In college met a guy who was everything I had dreamed to have in a man. He was super tall and handsome, smart, funny and charming. Above all, he was kind. Let’s call him “A”. Unlike other guys, who either made fun of me or completely ignored my existence, A was lovely. He treated me well, like a friend.

What are the chances of the only guy to give you any positive attention being the chad. Amazing :marseyagree:

In the final year I decided to confess my feelings to him. When I told my girlfriends about this , they just laughed at me and said he was waaay out of my league and would never date me. This broke my confidence and I never said anything to him.

This still didn't convince the foid to not shoot far above her league.

He said he was moving to my city for work and would like to meet me. I felt the same butterflies I did when I saw him in college. This time , I thought I had a chance with him, considering that I looked much better.

We met and I helped him set up his house and showed him around the city. One day when we were hanging out at his place, one thing led to another and we kissed. It was perfect. But he pulled away and said he had just gotten out of a relationship and did not want anything serious. I agreed and we became Fwb. Wrong decision. Those months I I spent with him were the best ones I’ve had. He was great at the s*x and we had good chemistry. I opened up to him about my struggles and he was vey sweet about it. Again, I fell for him. I was delusional enough to think he felt the same and told him. He was shocked to learn that I loved him. He did not feel the same way and said what we had was purely platonic. I was devastated. He broke up with me. I begged him to come back but he kept his distance. He tried to comfort me but being around him was too taxing for me so I went NC. I built my self back up again. Got therapy and worked out even more, through lockdown I got into the best shape of my life.

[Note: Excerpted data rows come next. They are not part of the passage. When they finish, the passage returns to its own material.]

text \<open>Suppose no edge of the hole is complete to \<open>{u, v}\<close>. A sector of a vertex outside the hole
  is the stretch of the hole between two consecutive neighbours of it. If one of \<open>u, v\<close> has at
  most one neighbour on the hole, or all neighbours of one lie in a single sector of the other,
  the two are nested. Otherwise some sector of \<open>u\<close> has a private neighbour of \<open>v\<close> in its interior
  and \<open>v\<close> has a further neighbour outside it. Either the sectors of \<open>u\<close> and \<open>v\<close> then interleave,
  or both ends of the sector are common neighbours, and the sector of \<open>u\<close> around the further
  neighbour of \<open>v\<close> yields interleaving sectors or a third common neighbour. Interleaving sectors
  are ruled out by an exhaustive analysis of the neighbours of \<open>u\<close> and \<open>v\<close> near the sector ends:
  each case exhibits a theta, pyramid, prism or turtle made of \<open>u\<close>, \<open>v\<close> and stretches of the
  hole. Three common neighbours, or a vertex with exactly two non-adjacent neighbours on the
  hole, give a theta directly.\<close>

section \<open>Induced paths and holes\<close>

lemma graphD:
  assumes "graph V E"
  shows "finite V" "E a b \<Longrightarrow> a \<in> V" "E a b \<Longrightarrow> b \<in> V" "E a b \<Longrightarrow> E b a" "\<not> E a a"
  using assms unfolding graph_def by blast+

lemma is_path_adj_iff:
  assumes "is_path V E p" "i < length p" "j < length p"
  shows "E (p!i) (p!j) \<longleftrightarrow> (i = j + 1 \<or> j = i + 1)"
  using assms unfolding is_path_def by blast

lemma is_path_singleton: "w \<in> V \<Longrightarrow> graph V E \<Longrightarrow> is_path V E [w]"
  unfolding is_path_def using graphD(5) by fastforce

lemma is_path_nth_inj:
  assumes "is_path V E p" "i < length p" "j < length p" "p!i = p!j"
  shows "i = j"
  using assms unfolding is_path_def by (simp add: nth_eq_iff_index_eq)

lemma is_path_append:
  assumes g: "graph V E" and p: "is_path V E p" and q: "is_path V E q"
    and dj: "set p \<inter> set q = {}"
    and e: "E (last p) (hd q)"
    and cr: "\<And>a b. a \<in> set p \<Longrightarrow> b \<in> set q \<Longrightarrow> E a b \<Longrightarrow> a = last p \<and> b = hd q"
  shows "is_path V E (p @ q)"
proof -
  have pne: "p \<noteq> []" and qne: "q \<noteq> []" using p q unfolding is_path_def by auto
  let ?lp = "length p" and ?lq = "length q"
  have lastp: "last p = p ! (?lp - 1)" using pne by (simp add: last_conv_nth)
  have hdq: "hd q = q ! 0" using qne by (simp add: hd_conv_nth)
  have cr2: "E (p!i) (q!k) \<longleftrightarrow> (i = ?lp - 1 \<and> k = 0)" if "i < ?lp" "k < ?lq" for i k
  proof
    assume "E (p!i) (q!k)"
    then have "p!i = last p \<and> q!k = hd q" using cr[of "p!i" "q!k"] that nth_mem by blast
    then show "i = ?lp - 1 \<and> k = 0"
      using is_path_nth_inj[OF p, of i "?lp - 1"] is_path_nth_inj[OF q, of k 0] lastp hdq that pne qne
      by auto
  next
    assume "i = ?lp - 1 \<and> k = 0"
    then show "E (p!i) (q!k)" using e lastp hdq by simp
  qed
  have mixed: "E ((p @ q) ! i) ((p @ q) ! j) = (i = j + 1 \<or> j = i + 1)"
    if ij: "i < ?lp" "?lp \<le> j" "j < ?lp + ?lq" for i j
  proof -
    have "E ((p @ q) ! i) ((p @ q) ! j) = E (p!i) (q!(j - ?lp))" using ij by (simp add: nth_append)
    also have "\<dots> = (i = ?lp - 1 \<and> j - ?lp = 0)" using cr2[of i "j - ?lp"] ij by auto
    also have "\<dots> = (i = j + 1 \<or> j = i + 1)" using ij by auto
    finally show ?thesis .
  qed
  have E_sym: "E a b = E b a" for a b using graphD(4)[OF g] by blast
  show ?thesis unfolding is_path_def
  proof (intro conjI allI impI)
    show "p @ q \<noteq> []" using pne by simp
    show "distinct (p @ q)" using p q dj unfolding is_path_def by auto
    show "set (p @ q) \<subseteq> V" using p q unfolding is_path_def by auto
  next
    fix i j assume ij: "i < length (p @ q) \<and> j < length (p @ q)"
    show "E ((p @ q) ! i) ((p @ q) ! j) = (i = j + 1 \<or> j = i + 1)"
    proof (cases "i < ?lp")
      case True
      show ?thesis
      proof (cases "j < ?lp")
        case True
        then show ?thesis using \<open>i < ?lp\<close> is_path_adj_iff[OF p] by (simp add: nth_append)
      next
        case False
        then show ?thesis using mixed[of i j] \<open>i < ?lp\<close> ij by simp
      qed
    next
      case False
      show ?thesis
      proof (cases "j < ?lp")
        case True
        then show ?thesis using mixed[of j i] \<open>\<not> i < ?lp\<close> ij E_sym by auto
      next
        case False
        have "E ((p @ q) ! i) ((p @ q) ! j) = E (q ! (i - ?lp)) (q ! (j - ?lp))"
          using False \<open>\<not> i < ?lp\<close> by (simp add: nth_append)
        also have "\<dots> = (i - ?lp = j - ?lp + 1 \<or> j - ?lp = i - ?lp + 1)"
          using is_path_adj_iff[OF q, of "i - ?lp" "j - ?lp"] ij False \<open>\<not> i < ?lp\<close> by auto
        also have "\<dots> = (i = j + 1 \<or> j = i + 1)" using False \<open>\<not> i < ?lp\<close> by auto
        finally show ?thesis .
      qed
    qed
  qed
qed

lemma is_path_rev:
  assumes "is_path V E p" shows "is_path V E (rev p)"
  unfolding is_path_def
proof (intro conjI allI impI)
  show "rev p \<noteq> []" "distinct (rev p)" "set (rev p) \<subseteq> V" using assms unfolding is_path_def by auto
next
  fix i j assume ij: "i < length (rev p) \<and> j < length (rev p)"
  have "E (rev p ! i) (rev p ! j) = E (p ! (length p - Suc i)) (p ! (length p - Suc j))"
    using ij by (simp add: rev_nth)
  also have "\<dots> = (length p - Suc i = length p - Suc j + 1 \<or> length p - Suc j = length p - Suc i + 1)"
    using is_path_adj_iff[OF assms, of "length p - Suc i" "length p - Suc j"] ij by auto
  also have "\<dots> = (i = j + 1 \<or> j = i + 1)" using ij by auto
  finally show "E (rev p ! i) (rev p ! j) = (i = j + 1 \<or> j = i + 1)" .
qed

lemma is_hole_append:
  assumes g: "graph V E" and p: "is_path V E p" and q: "is_path V E q"
    and dj: "set p \<inter> set q = {}"
    and e1: "E (last p) (hd q)" and e2: "E (last q) (hd p)"
    and cr: "\<And>a b. a \<in> set p \<Longrightarrow> b \<in> set q \<Longrightarrow> E a b \<Longrightarrow>
               (a = last p \<and> b = hd q) \<or> (a = hd p \<and> b = last q)"
    and l4: "length p + length q \<ge> 4"
  shows "is_hole V E (p @ q)"
proof -
  have pne: "p \<noteq> []" and qne: "q \<noteq> []" using p q unfolding is_path_def by auto
  let ?lp = "length p" and ?lq = "length q"
  let ?m = "?lp + ?lq"
  have lastp: "last p = p ! (?lp - 1)" using pne by (simp add: last_conv_nth)
  have hdq: "hd q = q ! 0" using qne by (simp add: hd_conv_nth)
  have lastq: "last q = q ! (?lq - 1)" using qne by (simp add: last_conv_nth)
  have hdp: "hd p = p ! 0" using pne by (simp add: hd_conv_nth)
  have cr2: "E (p!i) (q!k) \<longleftrightarrow> ((i = ?lp - 1 \<and> k = 0) \<or> (i = 0 \<and> k = ?lq - 1))"
    if "i < ?lp" "k < ?lq" for i k
  proof
    assume "E (p!i) (q!k)"
    then have "(p!i = last p \<and> q!k = hd q) \<or> (p!i = hd p \<and> q!k = last q)" using cr[of "p!i" "q!k"] that nth_mem by blast
    then show "(i = ?lp - 1 \<and> k = 0) \<or> (i = 0 \<and> k = ?lq - 1)"
      using is_path_nth_inj[OF p, of i "?lp - 1"] is_path_nth_inj[OF q, of k 0]
        is_path_nth_inj[OF p, of i 0] is_path_nth_inj[OF q, of k "?lq - 1"]
        lastp hdq hdp lastq that pne qne
      by auto
  next
    assume "(i = ?lp - 1 \<and> k = 0) \<or> (i = 0 \<and> k = ?lq - 1)"
    then show "E (p!i) (q!k)" using e1 e2 lastp hdq hdp lastq graphD(4)[OF g] by auto
  qed
  have lq1: "?lq \<ge> 1" "?lp \<ge> 1" using pne qne by (auto simp: Suc_le_eq)
  have E_sym: "E a b = E b a" for a b using graphD(4)[OF g] by blast
  have mixed: "E ((p @ q) ! i) ((p @ q) ! j) = (j = (i + 1) mod ?m \<or> i = (j + 1) mod ?m)"
    if ij: "i < ?lp" "?lp \<le> j" "j < ?m" for i j
  proof -
    have a: "(i + 1) mod ?m = i + 1" using ij lq1 by auto
    have b: "(j + 1) mod ?m = (if j + 1 = ?m then 0 else j + 1)" using ij by auto
    have "E ((p @ q) ! i) ((p @ q) ! j) = E (p!i) (q!(j - ?lp))" using ij by (simp add: nth_append)
    also have "\<dots> = ((i = ?lp - 1 \<and> j - ?lp = 0) \<or> (i = 0 \<and> j - ?lp = ?lq - 1))"
      using cr2[of i "j - ?lp"] ij by auto
    also have "\<dots> = (j = (i + 1) mod ?m \<or> i = (j + 1) mod ?m)"
      unfolding a b using ij l4 by auto
    finally show ?thesis .
  qed
  show ?thesis unfolding is_hole_def
  proof (intro conjI allI impI)
    show "4 \<le> length (p @ q)" using l4 by simp
    show "distinct (p @ q)" using p q dj unfolding is_path_def by auto
    show "set (p @ q) \<subseteq> V" using p q unfolding is_path_def by auto
  next
    fix i j assume ij: "i < length (p @ q) \<and> j < length (p @ q)"
    show "E ((p @ q) ! i) ((p @ q) ! j) =
          (j = (i + 1) mod length (p @ q) \<or> i = (j + 1) mod length (p @ q))"
    proof (cases "i < ?lp")
      case True
      show ?thesis
      proof (cases "j < ?lp")
        case True
        have "(i + 1) mod ?m = i + 1" "(j + 1) mod ?m = j + 1" using \<open>i < ?lp\<close> True lq1 by auto
        then show ?thesis using \<open>i < ?lp\<close> True is_path_adj_iff[OF p] by (auto simp: nth_append)
      next
        case False
        then show ?thesis using mixed[of i j] \<open>i < ?lp\<close> ij by simp
      qed
    next
      case False
      show ?thesis
      proof (cases "j < ?lp")
        case True
        then show ?thesis using mixed[of j i] \<open>\<not> i < ?lp\<close> ij E_sym by auto
      next
        case False
        have a: "(j + 1) mod ?m = (if j + 1 = ?m then 0 else j + 1)" using ij by auto
        have b: "(i + 1) mod ?m = (if i + 1 = ?m then 0 else i + 1)" using ij by auto
        have "E ((p @ q) ! i) ((p @ q) ! j) = E (q ! (i - ?lp)) (q ! (j - ?lp))"
          using False \<open>\<not> i < ?lp\<close> by (simp add: nth_append)
        also have "\<dots> = (i - ?lp = j - ?lp + 1 \<or> j - ?lp = i - ?lp + 1)"
          using is_path_adj_iff[OF q, of "i - ?lp" "j - ?lp"] ij False \<open>\<not> i < ?lp\<close> by auto
        also have "\<dots> = (j = (i + 1) mod ?m \<or> i = (j + 1) mod ?m)"
          unfolding a b using ij False \<open>\<not> i < ?lp\<close> lq1 by auto
        finally show ?thesis by simp
      qed
    qed
  qed
qed

lemma is_path_snoc:
  assumes g: "graph V E" and p: "is_path V E p" and w: "w \<in> V" "w \<notin> set p" and e: "E (last p) w"
    and c: "\<forall>z\<in>set p. E z w \<longrightarrow> z = last p"
  shows "is_path V E (p @ [w])"
  by (rule is_path_append[OF g p is_path_singleton[OF w(1) g]]) (use w e c in auto)

lemma is_path_Cons:
  assumes g: "graph V E" and p: "is_path V E p" and w: "w \<in> V" "w \<notin> set p" and e: "E w (hd p)"
    and c: "\<forall>z\<in>set p. E w z \<longrightarrow> z = hd p"
  shows "is_path V E (w # p)"
  using is_path_append[OF g is_path_singleton[OF w(1) g] p] w e c by auto

lemma card_ge_3E:
  assumes "finite S" "3 \<le> card S"
  obtains a b c where "a \<in> S" "b \<in> S" "c \<in> S" "a \<noteq> b" "a \<noteq> c" "b \<noteq> c"
proof -
  obtain a where a: "a \<in> S" using assms by fastforce
  have "2 \<le> card (S - {a})" using assms a by simp
  then have "S - {a} \<noteq> {}" by (metis card.empty not_numeral_le_zero)
  then obtain b where b: "b \<in> S - {a}" by blast
  have "1 \<le> card (S - {a} - {b})" using assms a b by (simp add: card_Diff_singleton)
  then have "S - {a} - {b} \<noteq> {}" by (metis card.empty not_one_le_zero)
  then obtain c where c: "c \<in> S - {a} - {b}" by blast
  show ?thesis using that a b c by blast
qed

lemma obtain_least_above:
  fixes a k0 :: nat
  assumes "a < k0" "P k0"
  obtains k where "a < k" "k \<le> k0" "P k" "\<And>j. a < j \<Longrightarrow> j < k \<Longrightarrow> \<not> P j"
proof
  define k where "k = (LEAST k. a < k \<and> P k)"
  show "a < k" "P k" using LeastI[of "\<lambda>k. a < k \<and> P k" k0] assms unfolding k_def by auto
  show "k \<le> k0" unfolding k_def using assms by (intro Least_le) auto
  show "\<not> P j" if "a < j" "j < k" for j
    using not_less_Least[of j "\<lambda>k. a < k \<and> P k"] that unfolding k_def by auto
qed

:marseylaughpoundfist: this chick really got into an fwbship despite having feelings for him lmfao. She literally thought "I can change him", only to be pumped and dumped by chad :chad:

Cut to a few months ago, I learned that my best friend from college was getting married. She invited me. She also told that A was going to be there. I told her it was okay.

When I saw him at the wedding, all the memories came back to me and I felt like crying. He was handsome as ever and sweeter than ever. But there was a catch. He was there with his GIRLFRIEND. What was even worse that she was the most beautiful woman I’d ever seen. The kind of person that makes heads turn. She would put any Bollywood actress to shame. Everyone was looking at them and gushing about how gorgeous they looked together.

This made me so jealous, I had to go to the bathroom to get a good cry out. I hated this woman. I hated how A couldn’t keep his hands off of her. I hated how he looked at her. With love and adoration. I hated when he kissed her. I hated when the photographer gave them all the Attention and took pictures of them.

Got cucked by Stacy :marseychadfoid:. The foids nature to hate other foids they compete with rears it's ugly head :slapfight:

I can’t help but think how she has taken away something I always wanted. His love, his attraction. She gets to have s*x with him. Kiss him good night. Was he even attracted to me? Or was I just an easy lay? I hate this woman. I hate how good she looked in every outfit. I can’t look at group pictures without comparing myself with her. I know that even at my physical best, I can’t even come close to how she looks. And he would never consider a relationship with me. My self esteem is at an all time low again. I’m crying I don’t know what to do.

WHOA WHOA WHOA let's unpackerino this sweaty. You are not entitled to his body. Do better sweaty, maybe work on your personality next time.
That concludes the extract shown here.